Employees: Part of the Attack Surface
Employees pose a huge risk to an organization. For years, the Verizon Data Breach Investigations Report (DBIR) has listed employees or insiders as a top threat.
It appears that leadership is finally starting to pay attention to this threat. According to a new study from security compliance firm Egress, 61% of CIOs believe that employees are maliciously putting the organization at risk. Employees, on the other hand, don’t necessarily agree with their CIOs, with the same study reporting that more than 90% said they didn’t break any data-sharing policies, either accidentally or intentionally in the past 12 months. This study also showed there is a real disconnect between leadership and employees over who has ownership over the data—29% of employees think that if they work on the data, they have ownership.

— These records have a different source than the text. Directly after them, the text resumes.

lemma zero_sum_spread_sq_ge:
  fixes u :: "real^'n"
  assumes "(\<Sum>i\<in>UNIV. u$i) = 0" and bounds: "\<And>i. m \<le> u$i \<and> u$i \<le> M"
  shows "4 * real CARD('n) * (norm u)^2 \<le> (M - m)^2 * (real CARD('n)^2 - real (CARD('n) mod 2))"
proof -
  have "(u$i - u$j)^2 \<le> (M - m) * \<bar>u$i - u$j\<bar>" for i j
  proof -
    have "\<bar>u$i - u$j\<bar> \<le> M - m" using bounds[of i] bounds[of j] by auto
    then have "\<bar>u$i - u$j\<bar> * \<bar>u$i - u$j\<bar> \<le> (M - m) * \<bar>u$i - u$j\<bar>"
      by (intro mult_right_mono) auto
    then show ?thesis by (simp add: power2_eq_square)
  qed
  then have "2 * real CARD('n) * (norm u)^2 \<le> (M - m) * (\<Sum>i\<in>UNIV. \<Sum>j\<in>UNIV. \<bar>u$i - u$j\<bar>)"
    unfolding sum_pairwise_sq_diff_zero_sum[OF assms(1), symmetric] sum_distrib_left
    by (intro sum_mono)
  moreover have "2 * (\<Sum>i\<in>UNIV. \<Sum>j\<in>UNIV. \<bar>u$i - u$j\<bar>)
      \<le> (M - m) * (real CARD('n)^2 - real (CARD('n) mod 2))"
    using sum_pairwise_abs_diff_le[of "UNIV :: 'n set" m "\<lambda>i. u$i" M] bounds by simp
  moreover have "0 \<le> M - m" using bounds by (meson diff_ge_0_iff_ge order_trans)
  ultimately have "(M - m) * (2 * (\<Sum>i\<in>UNIV. \<Sum>j\<in>UNIV. \<bar>u$i - u$j\<bar>))
      \<le> (M - m) * ((M - m) * (real CARD('n)^2 - real (CARD('n) mod 2)))"
    by (intro mult_left_mono)
  with \<open>2 * real CARD('n) * (norm u)^2 \<le> _\<close> show ?thesis
    by (simp add: power2_eq_square algebra_simps)
qed

definition std_simplex_width :: "nat \<Rightarrow> real" where
  "std_simplex_width d = sqrt (4 * real d / (real d ^ 2 - real (d mod 2)))"

lemma zero_sum_spread_ge:
  fixes u :: "real^'n"
  assumes "(\<Sum>i\<in>UNIV. u$i) = 0" and "\<And>i. m \<le> u$i \<and> u$i \<le> M"
  shows "std_simplex_width CARD('n) * norm u \<le> M - m"
proof -
  define dd where "dd = real CARD('n)^2 - real (CARD('n) mod 2)"
  have "0 \<le> M - m" using assms(2) by (meson diff_ge_0_iff_ge order_trans)
  moreover have "0 \<le> dd"
  proof -
    have "CARD('n) mod 2 \<le> 1" by presburger
    moreover have "1 \<le> real CARD('n)^2" by (simp add: Suc_leI)
    ultimately show ?thesis unfolding dd_def by linarith
  qed
  ultimately have "4 * real CARD('n) * (norm u)^2 / dd \<le> (M - m)^2"
    using zero_sum_spread_sq_ge[OF assms] by (auto simp: dd_def divide_le_eq)
  then have "sqrt (4 * real CARD('n) * (norm u)^2 / dd) \<le> sqrt ((M - m)^2)"
    by (rule real_sqrt_le_mono)
  then show ?thesis
    using \<open>0 \<le> M - m\<close> by (simp add: std_simplex_width_def dd_def real_sqrt_mult real_sqrt_divide)
qed

lemma four_mul_half_floor_ceil:
  "4 * real (d div 2) * real (d - d div 2) = real d ^ 2 - real (d mod 2)"
proof (cases "even d")
  case True
  then obtain t where "d = 2 * t" by blast
  then show ?thesis by (simp add: power2_eq_square algebra_simps)
next
  case False
  then obtain t where t: "d = 2 * t + 1" by (rule oddE)
  then have "d div 2 = t" "d mod 2 = 1" by presburger+
  with t show ?thesis by (simp add: power2_eq_square algebra_simps)
qed

lemma zero_sum_spread_attained:
  assumes "2 \<le> CARD('n)"
  obtains u :: "real^'n" where "(\<Sum>i\<in>UNIV. u$i) = 0" "norm u = 1"
    "\<forall>i j. u$i - u$j \<le> std_simplex_width CARD('n)"
proof -
  define d where "d = CARD('n)"
  define k where "k = d div 2"
  have k: "0 < k" "k < d" using assms by (auto simp: d_def k_def)
  obtain P :: "'n set" where P: "card P = k"
    using obtain_subset_with_card_n[of k "UNIV :: 'n set"] k by (auto simp: d_def)
  define r :: "real^'n" where "r = (\<chi> i. (if i \<in> P then 1 else 0) - real k / real d)"
  have sum_r: "(\<Sum>i\<in>UNIV. r$i) = 0"
    using P k by (simp add: r_def sum_subtractf d_def sum.If_cases)
  have "(norm r)^2 = (\<Sum>i\<in>UNIV. r$i * r$i)"
    by (simp add: power2_norm_eq_inner inner_vec_def)
  also have "\<dots> = (\<Sum>i\<in>UNIV. if i \<in> P then (1 - real k / real d)^2 else (real k / real d)^2)"
    by (rule sum.cong) (auto simp: r_def power2_eq_square)
  also have "\<dots> = real k * (1 - real k / real d)^2 + real (d - k) * (real k / real d)^2"
    using P by (simp add: sum.If_cases Compl_eq_Diff_UNIV card_Diff_subset d_def)
  also have "\<dots> = real k * real (d - k) / real d"
    using k by (simp add: of_nat_diff field_simps power2_eq_square)
  finally have norm_r_sq: "(norm r)^2 = real k * real (d - k) / real d" .
  have "0 < 4 * real k * real (d - k)" using k by simp
  moreover have "real d ^ 2 - real (d mod 2) = 4 * real k * real (d - k)"
    using four_mul_half_floor_ceil[of d] by (simp add: k_def)
  ultimately have "0 \<le> std_simplex_width d"
    and "(std_simplex_width d)^2 = 4 * real d / (4 * real k * real (d - k))"
    by (simp_all add: std_simplex_width_def)
  moreover from this(2) have "(std_simplex_width d * norm r)^2 = 1"
    using k by (simp add: power_mult_distrib norm_r_sq field_simps)
  ultimately have width_norm: "std_simplex_width d * norm r = 1"
    by (auto simp: power2_eq_1_iff) (smt (verit) mult_nonneg_nonneg norm_ge_zero)
  then have "r \<noteq> 0" by auto
  show thesis
  proof
    show "(\<Sum>i\<in>UNIV. (r /\<^sub>R norm r)$i) = 0"
      using sum_r by (simp add: sum_distrib_left[symmetric])
    show "norm (r /\<^sub>R norm r) = 1" using \<open>r \<noteq> 0\<close> by simp
    show "\<forall>i j. (r /\<^sub>R norm r)$i - (r /\<^sub>R norm r)$j \<le> std_simplex_width CARD('n)"
    proof (intro allI)
      fix i j
      have "r$i - r$j \<le> std_simplex_width d * norm r" unfolding width_norm by (simp add: r_def)
      moreover have "(r /\<^sub>R norm r)$i - (r /\<^sub>R norm r)$j = (r$i - r$j) / norm r"
        by (simp add: divide_inverse_commute right_diff_distrib)
      ultimately show "(r /\<^sub>R norm r)$i - (r /\<^sub>R norm r)$j \<le> std_simplex_width CARD('n)"
        using \<open>r \<noteq> 0\<close> by (simp add: d_def pos_divide_le_eq)
    qed
  qed
qed

lemma std_simplex_width_closed_form:
  assumes "2 \<le> d"
  shows "std_simplex_width d = (if even d then 2 / sqrt (real d) else 2 / sqrt (real d - 1 / real d))"
proof (cases "even d")
  case True
  then have "std_simplex_width d = sqrt (4 / real d)"
    using assms by (simp add: std_simplex_width_def power2_eq_square)
  then show ?thesis using True by (simp add: real_sqrt_divide)
next
  case False
  then have "d mod 2 = 1" by presburger
  moreover have "real d - 1 / real d = (real d ^ 2 - 1) / real d"
    using assms by (simp add: field_simps power2_eq_square)
  ultimately show ?thesis
    using False by (simp add: std_simplex_width_def real_sqrt_divide real_sqrt_mult)
qed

Perhaps it is, in part, this conflict of data ownership that leads to insider threats. One thing is certain, however: Employees make up your organization’s biggest attack vector, and security leadership is struggling to address the problem.
Employee Attack Likelihood
Giora Omer, head of security architecture at Panorays, looked at the employee attack likelihood and how human behaviors can lead to a cyber incident.
“Each employee in a company can be a target for a cyberattack,” explained Omer. “The likelihood an employee will be targeted can change based on different factors, such as the role of the employee, their digital footprint, security awareness, etc. It is important for a company to know which employees are more likely to be targeted so they can employ precise measures to mitigate their risk.”
Bad Behavior
We know cybercriminals use social engineering tactics to manipulate human behavior to do bad things. Employees will open an attachment on a phishing email not because they don’t know better but because they are distracted with other things and aren’t paying close enough attention. As humans, we can also be too trusting and don’t do due diligence to make sure whatever it is we’re clicking on is legitimate.
We’re also very lazy when it comes to basic cybersecurity practices. After a major data breach or other cyber incident, we express outrage at a company’s lax cybersecurity system, and then we do absolutely nothing to protect ourselves, such as change passwords or turn on multi-factor authentication methods. If we’re that bad in our personal online behaviors, we aren’t going to ramp up our security best practices for work. And the bad guys know that. It’s why they target humans.
“We are so overwhelmed with what we have to do, we don’t protect what is most important. Hackers are going after the part of our brain that is on auto-response. The first defense is to be skeptical,” said cybersecurity speaker John Sileo in an article in the Colorado Springs Gazette.
However, despite knowing their employees are a risk, organizations do little to factor in the human element into their security programs.
“Even though human-based attacks like social engineering and phishing are well-known, security rating services overlook the human element when building the cyber posture rating,” said Omer. So, a company may look good on paper because they have all the right technologies in place to anticipate and mitigate cyberattacks, but that means nothing if they aren’t addressing human behavior.
Humans as Attack Surface
Another overlooked risk of employees is how they expand the attack surface. There’s lots of talk about how the digital transformation and the rise of mobile and IoT have added thousands of endpoints to companies. That has expanded the attack surface, giving hackers more space to work with and giving them greater opportunities to get into the organization.
But we need to consider the attack surface goes beyond digital assets, said Omer. The attack surface also needs to include human assets—employees, their social profiles and their online behaviors. They are a gateway to the network and the data. And even though leadership know there is employee risk, they may not be truly aware of the threat they pose.
What can organizations do to be more aware of employee risk?
“The first thing organizations should do is map their cyber posture, and this means employee risk as well,” said Omer. “The organization needs to be aware of where it stands compared to its industry, and what are the major cyber gaps concerning their employees. After that, they can create an operative mitigation plan with actions such as multi-factor authentication and audit controls.”
But if you also want to decrease employee risk, you need to focus on behavior. If your employees think they own the data they work with, then they need to treat that data as they would their own. As Sileo said, “We will change our behavior when we begin to understand the threat and take it personally. It is our responsibility in business to proactively protect what we value most and protect it as your own. Otherwise, we will continue to be hacked and threatened.”